Сегодня письмо «О чтении Пушкина» представляется мне неумышленной репетицией нынешнего постскриптума «О религиозной филологии». А тогда оно меня сильно огорчило и поразило — и по существу, и неожиданным в то время тоном харизматической превосходительности. Вообще говоря, чего не бывает в споре, но тут я столкнулся с чем-то прямо необычайным: буквально ни одного критического удара в точку, ни одного случая, где мой критик глядел бы прямо в лицо критикуемому тексту или положению, — все как-то свысока, издали, скользя и искоса, отчего и в критике выходило как-то криво8.

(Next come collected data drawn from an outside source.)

lemma convex_cone_face_region:
  fixes V :: "nat \<Rightarrow> 'a::{real_inner,complete_space}"
  assumes "closed (series_cone V)"
  shows "convex_cone ({0} \<union> face_region V S)"
  unfolding convex_cone_iff
proof (intro conjI ballI allI impI)
  fix x y assume "x \<in> {0} \<union> face_region V S" "y \<in> {0} \<union> face_region V S"
  then show "x + y \<in> {0} \<union> face_region V S"
    using face_region_add[OF assms, of x S y] by auto
next
  fix x and c :: real assume "x \<in> {0} \<union> face_region V S" "c \<ge> 0"
  then show "c *\<^sub>R x \<in> {0} \<union> face_region V S"
    using face_region_scaleR[OF assms, of x S c] by (cases "c = 0") auto
qed simp

theorem corollary1p4:
  fixes V :: "nat \<Rightarrow> 'a::{real_inner, complete_space}"
  assumes "no_positive_relations V"
    and "closed (series_cone V)"
  shows "(\<Union>S. face_region V S) = UNIV
    \<and> (\<forall>S T. S \<noteq> T \<longrightarrow> face_region V S \<inter> face_region V T = {})
    \<and> (\<forall>S. convex_cone ({0} \<union> face_region V S))
    \<and> (\<forall>S l1 l2 w1 w2. l1 > 0 \<longrightarrow> l2 > 0 \<longrightarrow> w1 \<in> face_region V S \<longrightarrow> w2 \<in> face_region V S \<longrightarrow>
           metric_proj (series_cone V) (l1 *\<^sub>R w1 + l2 *\<^sub>R w2)
             = l1 *\<^sub>R metric_proj (series_cone V) w1 + l2 *\<^sub>R metric_proj (series_cone V) w2)"
proof (intro conjI allI impI)
  note closed = assms(2)
  show "(\<Union>S. face_region V S) = UNIV"
    using ex_face_region[OF closed] by blast
  show "face_region V S \<inter> face_region V T = {}" if "S \<noteq> T" for S T
    using face_region_disjoint[OF assms(1) that] .
  show "convex_cone ({0} \<union> face_region V S)" for S
    using convex_cone_face_region[OF closed] .
  fix S l1 l2 w1 w2
  assume l: "(0::real) < l1" "(0::real) < l2" and w: "w1 \<in> face_region V S" "w2 \<in> face_region V S"
  have "metric_proj (series_cone V) (l1 *\<^sub>R w1 + l2 *\<^sub>R w2)
      = metric_proj (series_cone V) (l1 *\<^sub>R w1) + metric_proj (series_cone V) (l2 *\<^sub>R w2)"
    using l w by (intro metric_proj_face_region_add[OF closed] face_region_scaleR[OF closed])
  also have "\<dots> = l1 *\<^sub>R metric_proj (series_cone V) w1 + l2 *\<^sub>R metric_proj (series_cone V) w2"
    using l by (simp add: metric_proj_convex_cone_scaleR[OF convex_cone_series_cone closed])
  finally show "metric_proj (series_cone V) (l1 *\<^sub>R w1 + l2 *\<^sub>R w2)
      = l1 *\<^sub>R metric_proj (series_cone V) w1 + l2 *\<^sub>R metric_proj (series_cone V) w2" .
qed

end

Пишу, например, в той статье о стихотворении «Три ключа» («В степи мирской, печальной и безбрежной…») так: «последняя строка — о „ключе забвенья“ — ужасна…», — не спорю, сказано слишком эмоционально и может шокировать, но из всего контекста легче легкого, при желании, понять, что тут не «критическая оценка» строки, а ошеломленность холодным приятием смерти. И мой критик вроде понимает, поскольку признает: «Это „ужасно“ так непосредственно, искренне вырвалось, что теряешься отвечать на это», — а дальше, вовсе не теряясь, вменяет мне ни больше ни меньше — «безнервное христианство» (В. Розанов), покушение «осудить» Пушкина «морально, духовно, религиозно», а еще — «неслышание… дивной гармонии». Последнее, насколько я постигаю, означает, что поэтическое совершенство и дивная гармония стихов велят мне даже и холодное приятие человеком смерти ощущать как нечто ни в коем случае не «ужасное», напротив — тоже дивно гармоничное. «Быть может, все в жизни лишь средство / Для ярко-певучих стихов». Брюсовские строчки вспоминались над «письмом» не раз: слишком часто возникало чувство, что для его автора (в других местах горячо защищающего «закон жизни» от моего, как он писал, «морального пафоса») достоинства ярко-певучих стихов важнее, чем жизнь. В «Поэте» («Пока не требует…») Пушкин, писал я, мучительно переживает свое «двусмысленное» положение (то ли «пророк», то ли «всех ничтожней»); «Что значит „двусмысленное“, — вопрошал мой критик. — …Двойственность человека-поэта — недвусмысленная его тема». Лирическая тема! — и никаких переживаний.
Особенно взволновал тогда моего оппонента вопрос об элегии «Под небом голубым страны своей родной…» (она и у меня занимала центральное место) — и здесь больше всего странностей чтения. Напоминаю строки:
сопоставляю их, с одной стороны, с сокрушенными словами из заупокойной стихиры: «Плачу и рыдаю, егда помышляю смерть, и вижду во гробех лежащую, по образу Божию созданную нашу красоту, безобразну, и безславну, не имущу вида…» — а с другой — с пронзительным: «На жертву прихоти моей / Гляжу, упившись наслажденьем, / С неодолимым отвращеньем…» («Сцена из Фауста»); спрашиваю по поводу «тяжелого напряженья», с каким любила «пламенная душа»: «что это: Толстой? Достоевский? Чехов?» — а мой критик, найдя, с одной стороны, что все мое «размышление… переполняет моральный пафос», с другой — обнаруживает в моем подтексте скабрезность в духе, как бы это помягче сказать, Виктора Ерофеева, а именно — «превышение эротического градуса подробностей» и даже «физиологические намеки», которые, мол, «непроизвольно, может быть» (!), возникают…
Игра столь проницательного и живого воображения тогда не на шутку меня задела. Не потому только, что нам не дано предугадать, как слово наше отзовется, и теперь уж, как говорят, не отмоешься; нет, я задумался о манере чтения моего оппонента, о способе, каким он извлекает смысл из прочитанного. Пренебрегши всем контекстом рассуждения — так сказать, взглянув и мимо, — критик устремился, как к главному, к детали (словам о «тяжелом напряженье»), у меня-то игравшей подчиненную роль в обширном пассаже об этой невероятной строфе, потрясающей и загадочно-жутким оборотом «Так вот кого любил я…», и жестокостью взгляда на себя и свою любовь.
Тут мне и представилось, что чтение моего критика не то что невнимательно и небрежно (хотя и это тоже), а сверх того, принципиально внеконтекстно: система взглядов воспринимается не как система, а как набор мыслей, из которого можно что-то отобрать для своих целей. Это лишь один пример; практически все написанное мною в той статье было словно переведено в какой-то другой язык, на котором просто обречено было выглядеть плоско и туповато. Не скажу, что такого рода полемика с чучелом была мне вовсе не знакома; но с подобной критикой я сталкивался у авторов совсем иного уровня, каким и отвечать не стоит. Здесь был, разумеется, не тот случай; как говорится, сел я тотчас и стал писать.